EXERCISE DIRECTIONS →
If a line below contains the string "lemma", copy it out.

Collected data entries:
(* Let $p\in(1,\infty)$ be such that $\gamma_{p,w}:=\gamma\, n^{1/p}(w_{\max}/w_{\min})^{1/p}<1$, let $Q^*_\lambda$ be the unique fixed point of $F_\lambda$, and let $\theta^*_p:=\arg\min_{\theta\in\mathbb{R}^d} f_p(\theta)$, where $f_p(\theta)=\frac1p\|F_\lambda(\Phi\theta)-\Phi\theta\|_{p,w}^p$. Then \[ \|Q_{\theta^*_p}-Q^*_\lambda\|_{p,w}\le\frac{1+\gamma_{p,w}}{1-\gamma_{p,w}}\min_{\theta\in\mathbb{R}^d}\|Q_\theta-Q^*_\lambda\|_{p,w}. \]
   Context: Finite discounted MDP with state space $\mathcal S$, action space $\mathcal A$, transition probabilities $P(s'\mid s,a)$, expected reward $R(s,a)$, discount $\gamma\in[0,1)$; $n=|\mathcal S||\mathcal A|$ and Q-functions are vectors in $\mathbb{R}^n$ indexed by $(s,a)$. For $\lambda>0$, $(F_\lambda Q)(s,a) := R(s,a)+\gamma\sum_{s'}P(s'\mid s,a)\,\lambda\ln\big(\sum_{u\in\mathcal A}\exp(Q(s',u)/\lambda)\big)$. Weights $w_i>0$ with $\sum_i w_i=1$, $\|x\|_{p,w}=(\sum_i w_i|x_i|^p)^{1/p}$, $w_{\min}=\min_i w_i$, $w_{\max}=\max_i w_i$. $\Phi\in\mathbb{R}^{n\times d}$ is a full-rank feature matrix and $Q_\theta=\Phi\theta$. When $\gamma_{p,w}<1$, $F_\lambda$ is a contraction in $\|\cdot\|_{p,w}$ with unique fixed point $Q^*_\lambda$. *)

theory Defs
  imports "HOL-Analysis.Analysis"
begin

definition soft_bellman ::
  "('s::finite \<Rightarrow> 'a::finite \<Rightarrow> 's \<Rightarrow> real) \<Rightarrow> ('s \<Rightarrow> 'a \<Rightarrow> real) \<Rightarrow> real \<Rightarrow> real
    \<Rightarrow> ('s \<times> 'a \<Rightarrow> real) \<Rightarrow> ('s \<times> 'a \<Rightarrow> real)" where
  "soft_bellman P R \<gamma> lam Q = (\<lambda>(s,a). R s a + \<gamma> * (\<Sum>s'\<in>UNIV. P s a s' *
      (lam * ln (\<Sum>u\<in>UNIV. exp (Q (s',u) / lam)))))"
lemma G_zero_in_G_family:
  assumes "closed \<Omega>" "interior \<Omega> \<noteq> {}" "P \<subseteq> interior \<Omega>" "G_family \<Omega> P zero_fun \<noteq> {}"
  shows "G \<Omega> P zero_fun \<in> G_family \<Omega> P zero_fun"
proof -
  let ?F = "G_family \<Omega> P zero_fun"
  have series: "\<forall>g\<in>?F. tropical_series \<Omega> g" by (simp add: G_family_def V_def)
  have Inf: "\<forall>x\<in>\<Omega>. G \<Omega> P zero_fun x = Inf ((\<lambda>g. g x) ` ?F)" by (simp add: G_eq_Inf)
  have "tropical_series \<Omega> (G \<Omega> P zero_fun)"
    by (rule tropical_series_Inf[OF assms(4) series assms(1,2) Inf])
  moreover have "P \<subseteq> tcurve \<Omega> (G \<Omega> P zero_fun)"
  proof
    fix p assume "p \<in> P"
    show "p \<in> tcurve \<Omega> (G \<Omega> P zero_fun)"
    proof (rule tcurve_Inf[OF assms(4) series])
      show "\<forall>x\<in>interior \<Omega>. G \<Omega> P zero_fun x = Inf ((\<lambda>g. g x) ` ?F)"
        using Inf interior_subset by blast
      show "p \<in> interior \<Omega>" "\<forall>g\<in>?F. p \<in> tcurve \<Omega> g"
        using \<open>p \<in> P\<close> assms(3) by (auto simp: G_family_def)
    qed
  qed
  ultimately show ?thesis
    by (auto simp: G_family_def V_def zero_fun_def tropical_series_def)
qed

lemma components_smooth_locus_const:
  assumes "compact \<Omega>" "convex \<Omega>" "interior \<Omega> \<noteq> {}" "\<forall>x\<in>interior \<Omega>. f x = c"
  shows "\<forall>U\<in>components (interior \<Omega> - tcurve \<Omega> f). closure U \<inter> frontier \<Omega> \<noteq> {}"
proof -
  have "smooth_on (interior \<Omega>) f" using assms(4) by (intro smooth_on_affine[of _ _ c "(0,0)"]) simp
  then have "tcurve \<Omega> f = {}" unfolding tcurve_def by auto
  moreover have "components (interior \<Omega>) = {interior \<Omega>}"
    using assms(2,3) by (simp add: components_eq_sing_iff convex_connected convex_interior)
  moreover have "closure (interior \<Omega>) = \<Omega>"
    using assms(1-3) by (simp add: convex_closure_interior compact_imp_closed)
  moreover have "frontier \<Omega> \<noteq> {}"
  proof (rule frontier_not_empty)
    show "\<Omega> \<noteq> {}" using assms(3) interior_subset by blast
    show "\<Omega> \<noteq> UNIV" using assms(1) compact_imp_bounded not_bounded_UNIV by blast
  qed
  moreover have "frontier \<Omega> \<subseteq> \<Omega>" using assms(1) by (simp add: compact_imp_closed frontier_subset_closed)
  ultimately show ?thesis by auto
qed

lemma tropical_on_monomial_nonneg:
  assumes "convex \<Omega>" "closed \<Omega>" "interior \<Omega> \<noteq> {}"
    and tr: "tropical_on \<Omega> A b f" and nonneg: "\<forall>x\<in>interior \<Omega>. 0 \<le> f x"
    and "s \<in> A" "x \<in> \<Omega>"
  shows "0 \<le> b s + lin s x"
proof -
  have "interior \<Omega> \<subseteq> {x. 0 \<le> b s + lin s x}"
    using tropical_onD(2)[OF tr _ \<open>s \<in> A\<close>] nonneg by (fastforce intro: order_trans)
  moreover have "closed {x. 0 \<le> b s + lin s x}"
    by (intro closed_Collect_le continuous_intros)
  ultimately have "closure (interior \<Omega>) \<subseteq> {x. 0 \<le> b s + lin s x}" by (rule closure_minimal)
  moreover have "closure (interior \<Omega>) = \<Omega>"
    using assms(1-3) by (simp add: convex_closure_interior closure_closed)
  ultimately show ?thesis using \<open>x \<in> \<Omega>\<close> by blast
qed

lemma tropical_on_le_monomial:
  assumes "convex \<Omega>" "closed \<Omega>" "interior \<Omega> \<noteq> {}"
    and tr: "tropical_on \<Omega> A b f" and nonneg: "\<forall>x\<in>\<Omega>. 0 \<le> f x"
    and zero: "\<forall>x\<in>frontier \<Omega>. f x = 0" and "s \<in> A" "x \<in> \<Omega>"
  shows "f x \<le> b s + lin s x"
proof (cases "x \<in> interior \<Omega>")
  case False
  then have "f x = 0" using zero \<open>x \<in> \<Omega>\<close> \<open>closed \<Omega>\<close> by (simp add: frontier_def closure_closed)
  then show ?thesis
    using tropical_on_monomial_nonneg[OF assms(1-4) _ \<open>s \<in> A\<close> \<open>x \<in> \<Omega>\<close>] nonneg interior_subset by auto
qed (use tropical_onD(2)[OF tr _ \<open>s \<in> A\<close>] in blast)

text \<open>The series is concave along segments; where it meets one of its monomials at both ends
  of a segment it therefore coincides with that monomial in between.\<close>
lemma tropical_on_eq_monomial_on_segment:
  assumes tr: "tropical_on \<Omega> A b f" and below: "\<forall>r\<in>A. \<forall>y\<in>\<Omega>. f y \<le> b r + lin r y"
    and "s \<in> A" "x \<in> \<Omega>" "y \<in> \<Omega>" "f x = b s + lin s x" "f y = b s + lin s y"
    and z: "z \<in> closed_segment x y" "z \<in> interior \<Omega>"
  shows "f z = b s + lin s z"
proof -
  obtain t where t: "0 \<le> t" "t \<le> 1" "z = (1 - t) *\<^sub>R x + t *\<^sub>R y"
    using z(1) unfolding closed_segment_def by blast
  obtain r where r: "r \<in> A" "f z = b r + lin r z" using tropical_onD(1)[OF tr z(2)] by blast
  have "b s + lin s z = (1 - t) * f x + t * f y"
    using assms(6,7) unfolding t(3) lin_convex_comb by (simp add: algebra_simps)
  also have "\<dots> \<le> (1 - t) * (b r + lin r x) + t * (b r + lin r y)"
    using below r(1) assms(4,5) t(1,2) by (intro add_mono mult_left_mono) auto
  also have "\<dots> = f z"
    using r(2) unfolding t(3) lin_convex_comb by (simp add: algebra_simps)
  finally show ?thesis using tropical_onD(2)[OF tr z(2) \<open>s \<in> A\<close>] by simp
qed

lemma component_single_monomial:
  assumes tr: "tropical_on \<Omega> A b f" and nonneg: "\<forall>x\<in>interior \<Omega>. 0 \<le> f x"
    and U: "U \<in> components (interior \<Omega> - tcurve \<Omega> f)"
  obtains s where "s \<in> A" "\<forall>x\<in>U. f x = b s + lin s x"
proof -
  define active where "active x = {s\<in>A. f x = b s + lin s x}" for x
  have U_sub: "U \<subseteq> interior \<Omega> - tcurve \<Omega> f" using U by (rule in_components_subset)
  have single: "\<exists>s. active x = {s}" if x: "x \<in> U" for x
  proof -
    have "x \<in> interior \<Omega>" "x \<notin> tcurve \<Omega> f" using x U_sub by auto
    then have two: "\<not> (\<exists>s1\<in>A. \<exists>s2\<in>A. s1 \<noteq> s2 \<and> f x = b s1 + lin s1 x \<and> f x = b s2 + lin s2 x)"
      by (simp add: tcurve_tropical_on_iff[OF tr nonneg])
    obtain s where "s \<in> A" "f x = b s + lin s x" using tropical_onD(1)[OF tr \<open>x \<in> interior \<Omega>\<close>] by blast
    with two have "active x = {s}" unfolding active_def by blast
    then show ?thesis by blast
  qed
  have "active constant_on U"
  proof (rule locally_constant_imp_constant)
    show "connected U" using U by (rule in_components_connected)
  next
    fix a assume "a \<in> U"
    then obtain s0 where s0: "active a = {s0}" using single by blast
    then have "s0 \<in> A" and unique: "\<forall>s\<in>A. f a = b s + lin s a \<longleftrightarrow> s = s0"
      by (auto simp: active_def)
    have "a \<in> interior \<Omega>" using \<open>a \<in> U\<close> U_sub by blast
    then obtain r where "r > 0" and affine: "\<forall>x\<in>ball a r. f x = b s0 + lin s0 x"
      by (rule tropical_on_unique_active_affine[OF tr nonneg _ \<open>s0 \<in> A\<close> unique])
    have "\<forall>x\<in>U \<inter> ball a r. active x = active a"
    proof
      fix x assume "x \<in> U \<inter> ball a r"
      have "s0 \<in> active x" using affine \<open>x \<in> U \<inter> ball a r\<close> \<open>s0 \<in> A\<close> by (simp add: active_def)
      moreover obtain s' where "active x = {s'}" using single \<open>x \<in> U \<inter> ball a r\<close> by blast
      ultimately show "active x = active a" using s0 by simp
    qed
    moreover have "openin (top_of_set U) (U \<inter> ball a r)" by (simp add: openin_open_Int)
    ultimately show "\<exists>T. openin (top_of_set U) T \<and> a \<in> T \<and> (\<forall>x\<in>T. active x = active a)"
      using \<open>a \<in> U\<close> centre_in_ball[of a r] \<open>r > 0\<close> by blast
  qed
  moreover obtain u where "u \<in> U" using U in_components_nonempty by blast
  moreover obtain s where "active u = {s}" using single \<open>u \<in> U\<close> by blast
  ultimately have "\<forall>x\<in>U. s \<in> active x" unfolding constant_on_def by (metis singletonI)
  then show thesis using that \<open>u \<in> U\<close> unfolding active_def by blast
qed

text \<open>The set where the series agrees with the monomial it equals on a component \<open>U\<close> of the
  smooth locus is convex, and its interior is a connected part of the smooth locus meeting \<open>U\<close>;
  so all of it lies in the closure of \<open>U\<close>.\<close>
lemma coincidence_set_subset_closure_component:
  assumes "convex \<Omega>" "closed \<Omega>" "interior \<Omega> \<noteq> {}"
    and tr: "tropical_on \<Omega> A b f" and nonneg: "\<forall>x\<in>\<Omega>. 0 \<le> f x" and zero: "\<forall>x\<in>frontier \<Omega>. f x = 0"
    and U: "U \<in> components (interior \<Omega> - tcurve \<Omega> f)"
    and s: "s \<in> A" "\<forall>x\<in>U. f x = b s + lin s x"
  shows "{x\<in>interior \<Omega>. f x = b s + lin s x} \<subseteq> closure U"
proof -
  define Z where "Z = {x\<in>interior \<Omega>. f x = b s + lin s x}"
  have below: "\<forall>r\<in>A. \<forall>y\<in>\<Omega>. f y \<le> b r + lin r y"
    using tropical_on_le_monomial[OF assms(1-6)] by blast
  have "convex Z"
  proof (rule convexI)
    fix x y :: pt and u v :: real assume xy: "x \<in> Z" "y \<in> Z" and uv: "0 \<le> u" "0 \<le> v" "u + v = 1"
    have int: "u *\<^sub>R x + v *\<^sub>R y \<in> interior \<Omega>"
      using convexD[OF convex_interior[OF \<open>convex \<Omega>\<close>]] xy uv unfolding Z_def by blast
    moreover have "u *\<^sub>R x + v *\<^sub>R y \<in> closed_segment x y"
      using uv by (auto simp: closed_segment_def intro!: exI[of _ v])
    moreover have "x \<in> \<Omega>" "y \<in> \<Omega>" "f x = b s + lin s x" "f y = b s + lin s y"
      using xy interior_subset unfolding Z_def by auto
    ultimately have "f (u *\<^sub>R x + v *\<^sub>R y) = b s + lin s (u *\<^sub>R x + v *\<^sub>R y)"
      using tropical_on_eq_monomial_on_segment[OF tr below s(1)] by blast
    then show "u *\<^sub>R x + v *\<^sub>R y \<in> Z" using int unfolding Z_def by blast
  qed
  have U_sub: "U \<subseteq> interior \<Omega> - tcurve \<Omega> f" using U by (rule in_components_subset)
  have "open U" using open_components[OF open_smooth_locus U] .
  moreover have "U \<subseteq> Z" using s(2) U_sub unfolding Z_def by blast
  ultimately have U_int: "U \<subseteq> interior Z" by (rule interior_maximal[rotated])
  have "smooth_on (interior Z) f"
    using interior_subset[of Z] by (intro smooth_on_affine[of _ _ "b s" s]) (auto simp: Z_def)
  moreover have "interior Z \<subseteq> interior \<Omega>" using interior_subset[of Z] unfolding Z_def by blast
  ultimately have "interior Z \<inter> tcurve \<Omega> f = {}"
    unfolding tcurve_def by (auto intro!: exI[of _ "interior Z"])
  with \<open>interior Z \<subseteq> interior \<Omega>\<close> have "interior Z \<subseteq> interior \<Omega> - tcurve \<Omega> f" by blast
  moreover have "U \<noteq> {}" using U in_components_nonempty by blast
  ultimately have "interior Z \<subseteq> U"
    using U_int by (intro components_maximal[OF U convex_connected[OF convex_interior[OF \<open>convex Z\<close>]]]) auto
  then have "closure (interior Z) \<subseteq> closure U" by (rule closure_mono)
  moreover have "closure (interior Z) = closure Z"
    using convex_closure_interior[OF \<open>convex Z\<close>] U_int \<open>U \<noteq> {}\<close> by blast
  then have "Z \<subseteq> closure (interior Z)" by (simp add: closure_subset)
  ultimately show ?thesis unfolding Z_def[symmetric] by (rule order_trans[rotated])
qed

OUTPUT OF THE EXERCISE →
lemma G_zero_in_G_family:
lemma components_smooth_locus_const:
lemma tropical_on_monomial_nonneg:
lemma tropical_on_le_monomial:
lemma tropical_on_eq_monomial_on_segment:
lemma component_single_monomial:
lemma coincidence_set_subset_closure_component:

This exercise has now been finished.